Temporary hostel or refuge housing does not constitute suitable accommodation for determining whether a person is homeless, if the homeless person is expected to occupy it for a longer period than is reasonable. This decision was taken recently by the House of Lords, which had to rule on whether six families who occupied overcrowded short-term accommodation and a woman who was provided with long-term accommodation in a women’s refuge were still homeless for the purposes of being allocated social housing.
The appeal dealt with the housing policies of Birmingham and Manchester Councils. In the case of the Birmingham families, it was accepted that they were unintentionally homeless and a priority housing need. However, the Council had left them in unsuitable accommodation for months or years. The key issue was that the accommodation provided was accommodation which it would not be reasonable for them to continue to occupy. Therefore, the families remained homeless for the purpose of assessing their housing need.
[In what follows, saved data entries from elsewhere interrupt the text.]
lemma gaps_subset_if_pseudo_frob_eq:
  assumes "C_semigroup C S" "h + h = n" "pseudo_frob C S = {n, h}"
  shows "gaps C S \<subseteq> (\<lambda>s. n - s) ` I_S C S n \<union> {h}"
proof
  fix x assume x: "x \<in> gaps C S"
  then obtain f s where f: "f \<in> pseudo_frob C S" "s \<in> S" "f = x + s"
    by (rule pseudo_frob_above_gap[OF assms(1)])
  have xC: "x \<in> C" using x gaps_iff by blast
  consider "f = n" | "f = h" "s = 0" | "f = h" "s \<noteq> 0" using f(1) assms(3) by blast
  then show "x \<in> (\<lambda>s. n - s) ` I_S C S n \<union> {h}"
  proof cases
    case 1
    then have "s \<in> I_S C S n" "n - s = x" using f xC by (auto simp: I_S_iff add.commute)
    then show ?thesis by blast
  next
    case 2
    with f show ?thesis by simp
  next
    case 3
    have "n = h + (x + s)" using 3 f(3) assms(2) by simp
    then have "n = (h + s) + x" by (metis add.assoc add.commute)
    moreover have "h + s \<in> S" using 3 f assms(3) unfolding pseudo_frob_def by blast
    ultimately have "h + s \<in> I_S C S n" "n - (h + s) = x" using xC by (auto simp: I_S_iff)
    then show ?thesis by blast
  qed
qed

lemma pseudo_frob_eq_if_gaps_eq:
  assumes "C_semigroup C S" "n \<in> pseudo_frob C S" "h + h = n"
    and gaps: "gaps C S = (\<lambda>s. n - s) ` I_S C S n \<union> {h}"
  shows "pseudo_frob C S = {n, h}"
proof -
  have nG: "n \<in> gaps C S" and nS: "n \<notin> S" using assms(2) unfolding pseudo_frob_def gaps_iff by auto
  have hG: "h \<in> gaps C S" by (rule half_of_gap(1)[OF assms(1) nG assms(3)])
  have "x \<in> {n, h}" if x: "x \<in> pseudo_frob C S" for x
  proof (rule ccontr)
    assume "x \<notin> {n, h}"
    moreover have "x \<in> gaps C S" using x unfolding pseudo_frob_def by blast
    ultimately obtain t where t: "t \<in> I_S C S n" "x = n - t" using gaps by auto
    then have "x + t = n" using diff_I_S_in_gaps(2)[OF assms(1) nS] by (simp add: add.commute)
    moreover have "t \<noteq> 0" using \<open>x \<notin> {n, h}\<close> calculation by auto
    then have "x + t \<in> S" using x t(1) unfolding pseudo_frob_def I_S_iff by blast
    ultimately show False using nS by simp
  qed
  moreover have "h + s \<in> S" if s: "s \<in> S" "s \<noteq> 0" for s
  proof (rule ccontr)
    assume "h + s \<notin> S"
    with gap_add_in_cone[OF assms(1) hG s(1)] have "h + s \<in> gaps C S" by (simp add: gaps_iff)
    moreover have "h + s \<noteq> h" using s(2) by simp
    ultimately obtain t where t: "t \<in> I_S C S n" "h + s = n - t" using gaps by auto
    then have "t + (h + s) = n" using diff_I_S_in_gaps(2)[OF assms(1) nS t(1)] by metis
    then have "(t + s) + h = h + h" using assms(3) by (metis add.assoc add.commute)
    then have "t + s = h" by simp
    moreover have "t + s \<in> S" using t s C_semigroupD(4)[OF assms(1)] by (simp add: I_S_iff)
    ultimately show False using hG gaps_iff by blast
  qed
  then have "h \<in> pseudo_frob C S" using hG unfolding pseudo_frob_def by blast
  ultimately show ?thesis using assms(2) by blast
qed

lemma pseudo_frob_eq_iff_gaps_eq:
  assumes "C_semigroup C S" "n \<in> pseudo_frob C S" "h + h = n"
  shows "pseudo_frob C S = {n, h} \<longleftrightarrow> gaps C S = (\<lambda>s. n - s) ` I_S C S n \<union> {h}"
proof
  have nG: "n \<in> gaps C S" and nS: "n \<notin> S" using assms(2) unfolding pseudo_frob_def gaps_iff by auto
  assume "pseudo_frob C S = {n, h}"
  moreover have "(\<lambda>s. n - s) ` I_S C S n \<union> {h} \<subseteq> gaps C S"
    using diff_I_S_in_gaps(1)[OF assms(1) nS] half_of_gap(1)[OF assms(1) nG assms(3)] by blast
  ultimately show "gaps C S = (\<lambda>s. n - s) ` I_S C S n \<union> {h}"
    using gaps_subset_if_pseudo_frob_eq[OF assms(1,3)] by blast
qed (rule pseudo_frob_eq_if_gaps_eq[OF assms])

lemma ex_half_iff_even: "(\<exists>h. h + h = x) \<longleftrightarrow> (\<forall>i. even ((x :: nat ^ 'n) $ i))"
proof
  assume "\<forall>i. even (x $ i)"
  then have "(\<chi> i. x $ i div 2) + (\<chi> i. x $ i div 2) = x"
    by (simp add: vec_eq_iff) (metis dvd_mult_div_cancel mult_2)
  then show "\<exists>h. h + h = x" by blast
qed auto

theorem mainTheorem7:
  fixes C S :: "(nat ^ 'n) set" and le :: "nat ^ 'n \<Rightarrow> nat ^ 'n \<Rightarrow> bool"
  assumes "monomial_order le" and "C_semigroup C S" and "S \<noteq> C"
  shows "pseudo_symmetric le C S \<longleftrightarrow>
           (2 * genus C S = 1 + gen_frob le C S \<and> (\<forall>i. even (frob le C S $ i)))"
proof -
  let ?F = "frob le C S"
  have F: "?F \<in> pseudo_frob C S" by (rule frob_in_pseudo_frob[OF assms])
  have FG: "?F \<in> gaps C S" by (rule frob_greatest(1)[OF assms])
  have "pseudo_symmetric le C S \<longleftrightarrow>
      (\<exists>h. h + h = ?F \<and> gaps C S = (\<lambda>s. ?F - s) ` I_S C S ?F \<union> {h})"
    unfolding pseudo_symmetric_def using pseudo_frob_eq_iff_gaps_eq[OF assms(2) F] by blast
  also have "\<dots> \<longleftrightarrow> (\<exists>h. h + h = ?F) \<and> genus C S = card (I_S C S ?F) + 1"
    using gaps_eq_iff_genus[OF assms(2) FG] by blast
  also have "\<dots> \<longleftrightarrow> 2 * genus C S = 1 + gen_frob le C S \<and> (\<forall>i. even (?F $ i))"
    unfolding gen_frob_def ex_half_iff_even by auto
  finally show ?thesis .
qed

end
In the Manchester case, a woman and her two children were given accommodation in a women’s refuge, from which she was evicted because of her behaviour towards the staff. She was rehoused in temporary accommodation. The Council ruled that she had become intentionally homeless.
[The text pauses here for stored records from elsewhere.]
lemma zlev_surj:
  assumes "\<forall>k<K. z k = (1::real) \<or> z k = -1"
  obtains q where "q < 2 ^ K" "\<forall>k<K. zlev K q k = z k"
proof -
  define levels where "levels = (\<lambda>q. restrict (zlev K q) {0..<K}) ` {0..<2 ^ K}"
  define signs where "signs = PiE {0..<K} (\<lambda>_. {-1::real, 1})"
  have "inj_on (\<lambda>q. restrict (zlev K q) {0..<K}) {0..<2 ^ K}"
  proof (rule inj_onI)
    fix q q' assume "q \<in> {0..<2 ^ K}" "q' \<in> {0..<2 ^ K}"
      "restrict (zlev K q) {0..<K} = restrict (zlev K q') {0..<K}"
    then show "q = q'" by (intro zlev_inj[of q K q']) (auto simp: fun_eq_iff split: if_splits)
  qed
  then have "card levels = 2 ^ K" by (simp add: levels_def card_image)
  moreover have "card signs = 2 ^ K" by (simp add: signs_def card_PiE numeral_2_eq_2)
  moreover have "levels \<subseteq> signs" by (auto simp: levels_def signs_def zlev_def)
  ultimately have "levels = signs" by (intro card_subset_eq) (auto simp: signs_def intro!: finite_PiE)
  moreover have "restrict z {0..<K} \<in> signs" using assms by (auto simp: signs_def)
  ultimately have "restrict z {0..<K} \<in> levels" by simp
  then obtain q where q: "q < 2 ^ K" and eq: "restrict (zlev K q) {0..<K} = restrict z {0..<K}"
    unfolding levels_def by auto
  have "zlev K q k = z k" if "k < K" for k using fun_cong[OF eq, of k] that by simp
  then show thesis using that[OF q] by blast
qed

lemma tind_eq_indicator:
  assumes "\<forall>k<K. Z i k = 1 \<or> Z i k = -1"
  obtains q\<^sub>0 where "q\<^sub>0 < 2 ^ K" "\<forall>k<K. zlev K q\<^sub>0 k = Z i k"
    "\<And>q. q < 2 ^ K \<Longrightarrow> tind K Z i q = (if q = q\<^sub>0 then 1 else 0)"
proof -
  obtain q\<^sub>0 where q\<^sub>0: "q\<^sub>0 < 2 ^ K" "\<forall>k<K. zlev K q\<^sub>0 k = Z i k"
    using zlev_surj[of K "Z i"] assms by blast
  have "tind K Z i q = (if q = q\<^sub>0 then 1 else 0)" if "q < 2 ^ K" for q
  proof (cases "q = q\<^sub>0")
    case False
    then have "\<not> (\<forall>k<K. zlev K q k = zlev K q\<^sub>0 k)" using zlev_inj[OF that q\<^sub>0(1)] by blast
    then have "\<not> (\<forall>k<K. Z i k = zlev K q k)" using q\<^sub>0(2) by metis
    then show ?thesis using False by (simp add: tind_def)
  qed (use q\<^sub>0 in \<open>simp add: tind_def\<close>)
  with q\<^sub>0 show thesis by (rule that)
qed

section \<open>The Hadamard matrix of the design\<close>

(* With Ss = {} # Ks, column 0 is the intercept and column m + 1 is 2^(K-1) c_S for S = Ks ! m. *)
definition hadamard_mat :: "nat \<Rightarrow> nat set list \<Rightarrow> real mat" where
  "hadamard_mat K Ss = mat (2 ^ K) (length Ss) (\<lambda>(q, c). \<Prod>k\<in>Ss ! c. zlev K q k)"

lemma sum_Pow_prod_zlev:
  assumes "x < 2 ^ K" "y < 2 ^ K"
  shows "(\<Sum>S\<in>Pow {0..<K}. \<Prod>k\<in>S. zlev K x k * zlev K y k) = (if x = y then 2 ^ K else 0)"
proof -
  have "(\<Sum>S\<in>Pow {0..<K}. \<Prod>k\<in>S. zlev K x k * zlev K y k)
      = (\<Prod>k\<in>{0..<K}. zlev K x k * zlev K y k + 1)"
    by (simp add: prod_add)
  also have "\<dots> = (if x = y then 2 ^ K else 0)"
  proof (cases "x = y")
    case True
    have "zlev K x k * zlev K x k + 1 = 2" for k by (simp add: zlev_def)
    with True show ?thesis by simp
  next
    case False
    then obtain k where "k < K" "zlev K x k \<noteq> zlev K y k" using zlev_inj assms by blast
    then have "zlev K x k * zlev K y k + 1 = 0" by (auto simp: zlev_def split: if_splits)
    then have "(\<Prod>k\<in>{0..<K}. zlev K x k * zlev K y k + 1) = 0"
      using \<open>k < K\<close> by (intro prod_zero bexI[of _ k]) auto
    with False show ?thesis by simp
  qed
  finally show ?thesis .
qed

lemma length_subsets_list:
  assumes "distinct Ss" "set Ss = Pow {0..<K}"
  shows "length Ss = 2 ^ K"
  using distinct_card[OF assms(1)] assms(2) by (simp add: card_Pow)

lemma hadamard_mat_inverse:
  assumes "distinct Ss" "set Ss = Pow {0..<K}"
  shows "hadamard_mat K Ss * ((1 / 2 ^ K) \<cdot>\<^sub>m transpose_mat (hadamard_mat K Ss)) = 1\<^sub>m (2 ^ K)"
proof (rule eq_matI)
  fix x y assume "x < dim_row (1\<^sub>m (2 ^ K) :: real mat)" "y < dim_col (1\<^sub>m (2 ^ K) :: real mat)"
  then have xy: "x < 2 ^ K" "y < 2 ^ K" by auto
  have "(hadamard_mat K Ss * ((1 / 2 ^ K) \<cdot>\<^sub>m transpose_mat (hadamard_mat K Ss))) $$ (x, y)
      = (\<Sum>c<length Ss. (\<Prod>k\<in>Ss ! c. zlev K x k) * (\<Prod>k\<in>Ss ! c. zlev K y k)) / 2 ^ K"
    using xy length_subsets_list[OF assms]
    by (simp add: hadamard_mat_def scalar_prod_def atLeast0LessThan sum_divide_distrib)
  also have "\<dots> = (\<Sum>c<length Ss. \<Prod>k\<in>Ss ! c. zlev K x k * zlev K y k) / 2 ^ K"
    by (simp add: prod.distrib)
  also have "\<dots> = (\<Sum>S\<in>Pow {0..<K}. \<Prod>k\<in>S. zlev K x k * zlev K y k) / 2 ^ K"
    by (subst sum.reindex_bij_betw[OF bij_betw_nth]) (use assms in auto)
  also have "\<dots> = 1\<^sub>m (2 ^ K) $$ (x, y)"
    using xy by (simp add: sum_Pow_prod_zlev)
  finally show "(hadamard_mat K Ss * ((1 / 2 ^ K) \<cdot>\<^sub>m transpose_mat (hadamard_mat K Ss))) $$ (x, y)
      = 1\<^sub>m (2 ^ K) $$ (x, y)" .
qed (simp_all add: hadamard_mat_def length_subsets_list[OF assms])

lemma contrast_mat_eq_hadamard:
  assumes "K > 0" "m < length Ks" "a < 2 ^ K"
  shows "contrast_mat K Ks $$ (m, a)
    = 2 * ((1 / 2 ^ K) \<cdot>\<^sub>m transpose_mat (hadamard_mat K ({} # Ks))) $$ (Suc m, a)"
proof -
  have "(2::real) ^ K = 2 * 2 ^ (K - 1)" using assms(1) by (cases K) auto
  then show ?thesis using assms by (simp add: contrast_mat_def hadamard_mat_def)
qed

lemma treat_design_Unadj_mult_hadamard:
  assumes "\<forall>i<N. \<forall>k<K. Z i k = 1 \<or> Z i k = -1" "\<forall>S\<in>set Ks. S \<subseteq> {0..<K}"
  shows "treat_design Unadj K N J Z x * hadamard_mat K ({} # Ks) = fact_design Unadj K Ks N J Z x"
proof (rule eq_matI)
  fix i c assume "i < dim_row (fact_design Unadj K Ks N J Z x)" "c < dim_col (fact_design Unadj K Ks N J Z x)"
  then have i: "i < N" and c: "c < length ({} # Ks)" by (simp_all add: fact_design_def)
  obtain q\<^sub>0 where q\<^sub>0: "q\<^sub>0 < 2 ^ K" "\<forall>k<K. zlev K q\<^sub>0 k = Z i k"
    and tind: "\<And>q. q < 2 ^ K \<Longrightarrow> tind K Z i q = (if q = q\<^sub>0 then 1 else 0)"
    using tind_eq_indicator assms(1) i by blast
  have "(treat_design Unadj K N J Z x * hadamard_mat K ({} # Ks)) $$ (i, c)
      = (\<Sum>q<2 ^ K. tind K Z i q * (\<Prod>k\<in>({} # Ks) ! c. zlev K q k))"
    using i c by (simp add: treat_design_def hadamard_mat_def scalar_prod_def atLeast0LessThan)
  also have "\<dots> = (\<Sum>q<2 ^ K. if q = q\<^sub>0 then \<Prod>k\<in>({} # Ks) ! c. zlev K q k else 0)"
    by (intro sum.cong) (simp_all add: tind)
  also have "\<dots> = (\<Prod>k\<in>({} # Ks) ! c. zlev K q\<^sub>0 k)"
    using q\<^sub>0(1) by simp
  also have "\<dots> = Zprod Z i (({} # Ks) ! c)"
  proof -
    have "({} # Ks) ! c \<subseteq> {0..<K}" using assms(2) c by (cases c) auto
    then show ?thesis unfolding Zprod_def using q\<^sub>0(2) by (intro prod.cong) auto
  qed
  also have "\<dots> = fact_design Unadj K Ks N J Z x $$ (i, c)"
    using i c by (simp add: fact_design_def nth_Cons' Zprod_def)
  finally show "(treat_design Unadj K N J Z x * hadamard_mat K ({} # Ks)) $$ (i, c)
      = fact_design Unadj K Ks N J Z x $$ (i, c)" .
qed (simp_all add: treat_design_def fact_design_def hadamard_mat_def)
In both cases, the nub of the Councils’ arguments was that their duty to provide housing was discharged if they left the families in the housing provided until suitable permanent housing could be found.
In the view of the House of Lords, there would inevitably come a time when it was no longer reasonable for the families to remain in the temporary accommodation. What constituted a ‘reasonable time’ for a family to occupy temporary accommodation was a matter of fact in each case.